Return only the lines from the one containing "(hderiv a b j g has_vector_derivative v)" to the end of the entries below, exactly as written, both ends included.
== Records for this exercise
lemma Hoelder_cong:
  assumes "\<And>s. s \<in> {a..b} \<Longrightarrow> f s = g s"
  shows "f \<in> Hoelder a b n \<alpha> \<longleftrightarrow> g \<in> Hoelder a b n \<alpha>"
proof -
  have D: "\<And>j t. t \<in> {a..b} \<Longrightarrow> hderiv a b j f t = hderiv a b j g t"
    using hderiv_cong[of a b f g] assms by blast
  have 1: "(hderiv a b j f has_vector_derivative v) (at t within {a..b}) \<longleftrightarrow>
           (hderiv a b j g has_vector_derivative v) (at t within {a..b})" if "t \<in> {a..b}" for j t v
    using has_vector_derivative_transform[of t "{a..b}" "hderiv a b j f" "hderiv a b j g" v]
      has_vector_derivative_transform[of t "{a..b}" "hderiv a b j g" "hderiv a b j f" v] D that
    by metis
  have 2: "continuous_on {a..b} (hderiv a b j f) \<longleftrightarrow> continuous_on {a..b} (hderiv a b j g)" for j
    using continuous_on_cong[OF refl, of "{a..b}" "hderiv a b j f" "hderiv a b j g"] D by blast
  have 3: "hquot a b \<alpha> (hderiv a b n f) = hquot a b \<alpha> (hderiv a b n g)"
    using hquot_cong D by blast
  have 4: "(\<forall>t\<in>{a..b}. (hderiv a b j f has_vector_derivative hderiv a b (Suc j) f t) (at t within {a..b})) \<longleftrightarrow>
          (\<forall>t\<in>{a..b}. (hderiv a b j g has_vector_derivative hderiv a b (Suc j) g t) (at t within {a..b}))" for j
    using 1 D[of _ "Suc j"] by (metis (no_types))
  show ?thesis unfolding Hoelder_def mem_Collect_eq using 2 3 4 by (simp del: hderiv.simps(2))
qed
====
Solved problem
           (hderiv a b j g has_vector_derivative v) (at t within {a..b})" if "t \<in> {a..b}" for j t v
    using has_vector_derivative_transform[of t "{a..b}" "hderiv a b j f" "hderiv a b j g" v]
      has_vector_derivative_transform[of t "{a..b}" "hderiv a b j g" "hderiv a b j f" v] D that
    by metis
  have 2: "continuous_on {a..b} (hderiv a b j f) \<longleftrightarrow> continuous_on {a..b} (hderiv a b j g)" for j
    using continuous_on_cong[OF refl, of "{a..b}" "hderiv a b j f" "hderiv a b j g"] D by blast
  have 3: "hquot a b \<alpha> (hderiv a b n f) = hquot a b \<alpha> (hderiv a b n g)"
    using hquot_cong D by blast
  have 4: "(\<forall>t\<in>{a..b}. (hderiv a b j f has_vector_derivative hderiv a b (Suc j) f t) (at t within {a..b})) \<longleftrightarrow>
          (\<forall>t\<in>{a..b}. (hderiv a b j g has_vector_derivative hderiv a b (Suc j) g t) (at t within {a..b}))" for j
    using 1 D[of _ "Suc j"] by (metis (no_types))
  show ?thesis unfolding Hoelder_def mem_Collect_eq using 2 3 4 by (simp del: hderiv.simps(2))
qed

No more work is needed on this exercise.